Expected Contributions
- Provide insights into how the HCR list influences academic behavior and institutional strategies.
- Highlight the transformation of bibliometric indicators from passive measures to active targets in line with Goodhart’s Law.
- Offer recommendations for developing more robust and less gameable metrics for assessing scholarly impact.

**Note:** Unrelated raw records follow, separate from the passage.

lemma bp_le_card:
  assumes "biclique_decomposition E Ps"
  shows "bp E \<le> card Ps"
proof -
  obtain L where L: "biclique_partition E L" "length L = card Ps"
    using biclique_partition_of_decomposition[OF assms] by metis
  show ?thesis
    unfolding bp_def by (rule Least_le) (use L in blast)
qed

lemma bp_attained:
  assumes "biclique_decomposition E Ps0"
  obtains Ps where "biclique_decomposition E Ps" "card Ps = bp E"
proof -
  obtain L0 where L0: "biclique_partition E L0"
    using biclique_partition_of_decomposition[OF assms] by metis
  have "\<exists>L. biclique_partition E L \<and> length L = bp E"
    unfolding bp_def by (rule LeastI_ex) (use L0 in blast)
  then obtain L where L: "biclique_partition E L" "length L = bp E"
    by blast
  have dec: "biclique_decomposition E (set L)"
    using L(1) by (rule biclique_decomposition_set)
  moreover have "card (set L) = bp E"
    using bp_le_card[OF dec] card_length[of L] L(2) by linarith
  ultimately show thesis
    using that by blast
qed

lemma is_biclique_induced_parts:
  assumes "is_biclique (induced_edges E S) P"
  shows "fst P \<subseteq> S" "snd P \<subseteq> S"
  using assms unfolding is_biclique_def induced_edges_def biclique_edges_def by blast+

subsection \<open>Restricting a decomposition to fewer vertices\<close>

definition restrict_bicliques :: "'a set \<Rightarrow> ('a set \<times> 'a set) set \<Rightarrow> ('a set \<times> 'a set) set" where
  "restrict_bicliques W Ps =
     {Q. (\<exists>P\<in>Ps. Q = (fst P \<inter> W, snd P \<inter> W)) \<and> fst Q \<noteq> {} \<and> snd Q \<noteq> {}}"

lemma finite_restrict_bicliques:
  assumes "finite Ps"
  shows "finite (restrict_bicliques W Ps)"
proof -
  have "restrict_bicliques W Ps \<subseteq> (\<lambda>P. (fst P \<inter> W, snd P \<inter> W)) ` Ps"
    unfolding restrict_bicliques_def by blast
  then show ?thesis
    using assms by (meson finite_imageI finite_subset)
qed

lemma card_restrict_bicliques_less:
  assumes "finite Ps" "P \<in> Ps" "fst P \<inter> W = {} \<or> snd P \<inter> W = {}"
  shows "card (restrict_bicliques W Ps) < card Ps"
proof -
  have "restrict_bicliques W Ps \<subseteq> (\<lambda>P. (fst P \<inter> W, snd P \<inter> W)) ` (Ps - {P})"
    using assms(3) unfolding restrict_bicliques_def by fastforce
  then have "card (restrict_bicliques W Ps) \<le> card (Ps - {P})"
    using assms(1) card_image_le card_mono
    by (metis (no_types, lifting) finite_Diff finite_imageI le_trans)
  also have "\<dots> < card Ps"
    using assms(1,2) by (rule card_Diff1_less)
  finally show ?thesis .
qed

lemma bedges_restrict:
  "bedges (fst P \<inter> W, snd P \<inter> W) = {e \<in> bedges P. e \<subseteq> W}"
  by (simp add: biclique_edges_Int)

lemma disjoint_family_on_restrict_bicliques:
  assumes "disjoint_family_on bedges Ps"
  shows "disjoint_family_on bedges (restrict_bicliques W Ps)"
  unfolding disjoint_family_on_def
proof (intro ballI impI)
  fix Q Q' assume "Q \<in> restrict_bicliques W Ps" "Q' \<in> restrict_bicliques W Ps" "Q \<noteq> Q'"
  then obtain P P' where PP': "P \<in> Ps" "P' \<in> Ps" "P \<noteq> P'"
    "Q = (fst P \<inter> W, snd P \<inter> W)" "Q' = (fst P' \<inter> W, snd P' \<inter> W)"
    unfolding restrict_bicliques_def by blast
  have "bedges P \<inter> bedges P' = {}"
    using assms PP'(1-3) by (rule disjoint_family_onD)
  then show "bedges Q \<inter> bedges Q' = {}"
    unfolding PP'(4,5) bedges_restrict by blast
qed

lemma UN_bedges_restrict_bicliques:
  "(\<Union>Q\<in>restrict_bicliques W Ps. bedges Q) = {e \<in> (\<Union>P\<in>Ps. bedges P). e \<subseteq> W}"
proof
  show "(\<Union>Q\<in>restrict_bicliques W Ps. bedges Q) \<subseteq> {e \<in> (\<Union>P\<in>Ps. bedges P). e \<subseteq> W}"
  proof
    fix e assume "e \<in> (\<Union>Q\<in>restrict_bicliques W Ps. bedges Q)"
    then obtain P where "P \<in> Ps" "e \<in> bedges (fst P \<inter> W, snd P \<inter> W)"
      unfolding restrict_bicliques_def by blast
    then show "e \<in> {e \<in> (\<Union>P\<in>Ps. bedges P). e \<subseteq> W}"
      unfolding bedges_restrict by blast
  qed
next
  show "{e \<in> (\<Union>P\<in>Ps. bedges P). e \<subseteq> W} \<subseteq> (\<Union>Q\<in>restrict_bicliques W Ps. bedges Q)"
  proof
    fix e assume "e \<in> {e \<in> (\<Union>P\<in>Ps. bedges P). e \<subseteq> W}"
    then obtain P where P: "P \<in> Ps" "e \<in> bedges (fst P \<inter> W, snd P \<inter> W)"
      unfolding bedges_restrict by blast
    then have "fst P \<inter> W \<noteq> {}" "snd P \<inter> W \<noteq> {}"
      unfolding mem_biclique_edges by auto
    then have "(fst P \<inter> W, snd P \<inter> W) \<in> restrict_bicliques W Ps"
      using P(1) unfolding restrict_bicliques_def by auto
    then show "e \<in> (\<Union>Q\<in>restrict_bicliques W Ps. bedges Q)"
      using P(2) by blast
  qed
qed

lemma biclique_decomposition_restrict:
  assumes dec: "biclique_decomposition (induced_edges E S) Ps" and "W \<subseteq> S"
  shows "biclique_decomposition (induced_edges E W) (restrict_bicliques W Ps)"
proof -
  have ind: "induced_edges E W = {e \<in> induced_edges E S. e \<subseteq> W}"
    using \<open>W \<subseteq> S\<close> unfolding induced_edges_def by blast
  have fin: "finite Ps"
    and bic: "\<forall>P\<in>Ps. is_biclique (induced_edges E S) P"
    and disj: "disjoint_family_on bedges Ps"
    and cover: "(\<Union>P\<in>Ps. bedges P) = induced_edges E S"
    using dec unfolding biclique_decomposition_def by blast+
  have "is_biclique (induced_edges E W) Q" if Q: "Q \<in> restrict_bicliques W Ps" for Q
  proof -
    obtain P where P: "P \<in> Ps" "Q = (fst P \<inter> W, snd P \<inter> W)" "fst Q \<noteq> {}" "snd Q \<noteq> {}"
      using Q unfolding restrict_bicliques_def by blast
    then have "bedges Q \<subseteq> induced_edges E W"
      using bic bedges_restrict unfolding ind is_biclique_def by blast
    moreover have "fst Q \<inter> snd Q = {}"
      using bic P(1,2) unfolding is_biclique_def by auto
    ultimately show ?thesis
      using P(3,4) unfolding is_biclique_def by blast
  qed
  moreover have "(\<Union>Q\<in>restrict_bicliques W Ps. bedges Q) = induced_edges E W"
    unfolding UN_bedges_restrict_bicliques cover ind ..
  ultimately show ?thesis
    using finite_restrict_bicliques[OF fin] disjoint_family_on_restrict_bicliques[OF disj]
    unfolding biclique_decomposition_def by blast
qed

subsection \<open>Eliminating stars\<close>

lemma star_has_singleton_part:
  assumes "finite (fst P)" "finite (snd P)" "fst P \<noteq> {}" "snd P \<noteq> {}" "\<not> non_star P"
  obtains c where "fst P = {c} \<or> snd P = {c}"
proof -
  have "0 < card (fst P)" "0 < card (snd P)"
    using assms(1-4) by (simp_all add: card_gt_0_iff)
  then have "card (fst P) = 1 \<or> card (snd P) = 1"
    using assms(5) unfolding non_star_def by linarith
  then show thesis
    using that by (metis card_1_singletonE)
qed
(* Let $(n_k)_{k\in\mathbb{N}}$ and $(m_k)_{k\in\mathbb{N}}$ be two sequences of positive integers with $m_k \geq n_k/2$ for every $k\in\mathbb{N}$. Let $Q\in\mathbb{R}[x]$ be a polynomial. Let $\{f_k:\mathbb{Z}_{n_k}\to\mathbb{C}\}_{k\in\mathbb{N}}$ be a concentrated family of functions such that $\|f_k\|_2^2\leq Q(\log(n_k))$ for all $k\in\mathbb{N}$. Then the family $\{\widetilde{f_k}:\mathbb{Z}_{m_k}\to\mathbb{C}\}_{k\in\mathbb{N}}$ is concentrated.
   Context: $\mathbb{Z}_n=\{0,1,\dots,n-1\}$ with addition mod $n$. For $f,g:\mathbb{Z}_n\to\mathbb{C}$, $\langle f,g\rangle=\frac1n\sum_{x\in\mathbb{Z}_n}f(x)\overline{g(x)}$ and $\|f\|_2^2=\langle f,f\rangle$. For $\alpha\in\mathbb{Z}_n$, $\chi_\alpha(x)=\chi_{\alpha,n}(x)=\exp(2\pi i\alpha x/n)$ and $\widehat f(\alpha)=\langle f,\chi_\alpha\rangle$, so $f=\sum_{\alpha}\widehat f(\alpha)\chi_\alpha$. For $\Gamma\subseteq\mathbb{Z}_n$, $f|_\Gamma:\mathbb{Z}_n\to\mathbb{C}$ denotes the projection $f|_\Gamma(x)=\sum_{\alpha\in\Gamma}\widehat f(\alpha)\chi_\alpha(x)$. For $f:\mathbb{Z}_n\to\mathbb{C}$ and $m\in\mathbb{N}$, $\widetilde f:\mathbb{Z}_m\to\mathbb{C}$ is defined by $\widetilde f(x)=f(x)$ for $0\le x<\min(n,m)$ and $\widetilde f(x)=0$ otherwise. A family $\{f_k:\mathbb{Z}_{n_k}\to\mathbb{C}\}_{k\in\mathbb{N}}$ (with $n_k$ positive integers) is concentrated if there is a bivariate polynomial $P\in\mathbb{R}[x,y]$ such that for all $k\in\mathbb{N}$ and all $\epsilon>0$ there is a set $\Gamma_k\subseteq\mathbb{Z}_{n_k}$ with $|\Gamma_k|\le P(\log(n_k),1/\epsilon)$ and $\|f_k-f_k|_{\Gamma_k}\|_2^2<\epsilon$. *)

theory Defs
  imports Complex_Main "HOL-Computational_Algebra.Polynomial"
begin

text \<open>A function Z_n -> C is represented as f :: nat => complex; only the values
  at 0,...,n-1 are ever used.\<close>

definition zn_inner :: "nat \<Rightarrow> (nat \<Rightarrow> complex) \<Rightarrow> (nat \<Rightarrow> complex) \<Rightarrow> complex" where
  "zn_inner n f g = (1 / of_nat n) * (\<Sum>x<n. f x * cnj (g x))"

definition zn_norm2sq :: "nat \<Rightarrow> (nat \<Rightarrow> complex) \<Rightarrow> real" where
  "zn_norm2sq n f = Re (zn_inner n f f)"

definition zn_char :: "nat \<Rightarrow> nat \<Rightarrow> nat \<Rightarrow> complex" where
  "zn_char n \<alpha> x = exp (2 * of_real pi * \<i> * of_nat \<alpha> * of_nat x / of_nat n)"

definition zn_fourier :: "nat \<Rightarrow> (nat \<Rightarrow> complex) \<Rightarrow> nat \<Rightarrow> complex" where
  "zn_fourier n f \<alpha> = zn_inner n f (zn_char n \<alpha>)"

definition zn_proj :: "nat \<Rightarrow> (nat \<Rightarrow> complex) \<Rightarrow> nat set \<Rightarrow> nat \<Rightarrow> complex" where
  "zn_proj n f \<Gamma> = (\<lambda>x. \<Sum>\<alpha>\<in>\<Gamma>. zn_fourier n f \<alpha> * zn_char n \<alpha> x)"

definition zn_tilde :: "nat \<Rightarrow> nat \<Rightarrow> (nat \<Rightarrow> complex) \<Rightarrow> nat \<Rightarrow> complex" where
  "zn_tilde n m f = (\<lambda>x. if x < min n m then f x else 0)"

definition bipoly_eval :: "nat \<Rightarrow> (nat \<Rightarrow> nat \<Rightarrow> real) \<Rightarrow> real \<Rightarrow> real \<Rightarrow> real" where
  "bipoly_eval d c x y = (\<Sum>i\<le>d. \<Sum>j\<le>d. c i j * x ^ i * y ^ j)"

definition concentrated :: "(nat \<Rightarrow> nat) \<Rightarrow> (nat \<Rightarrow> nat \<Rightarrow> complex) \<Rightarrow> bool" where
  "concentrated n f \<longleftrightarrow>
     (\<exists>d c. \<forall>k. \<forall>\<epsilon>>0. \<exists>\<Gamma>. \<Gamma> \<subseteq> {..<n k} \<and>
        real (card \<Gamma>) \<le> bipoly_eval d c (ln (real (n k))) (1 / \<epsilon>) \<and>
        zn_norm2sq (n k) (\<lambda>x. f k x - zn_proj (n k) (f k) \<Gamma> x) < \<epsilon>)"

end

theory Submission
  imports Defs "HOL-Analysis.Analysis"
begin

- Lay the groundwork for cross-disciplinary comparisons by developing a methodological template that can be applied to other academic fields.
Conclusion
By critically examining the HCR list in Mathematics, this study aims to shed light on the broader implications of metric-driven evaluations in academia. Understanding the behavioral responses to such metrics is crucial for developing fair and effective assessment tools that truly reflect scholarly contributions. This framework also has potential applications beyond Mathematics, offering insights for other disciplines—including Economics and the natural sciences—facing similar pressures from metric-based evaluations.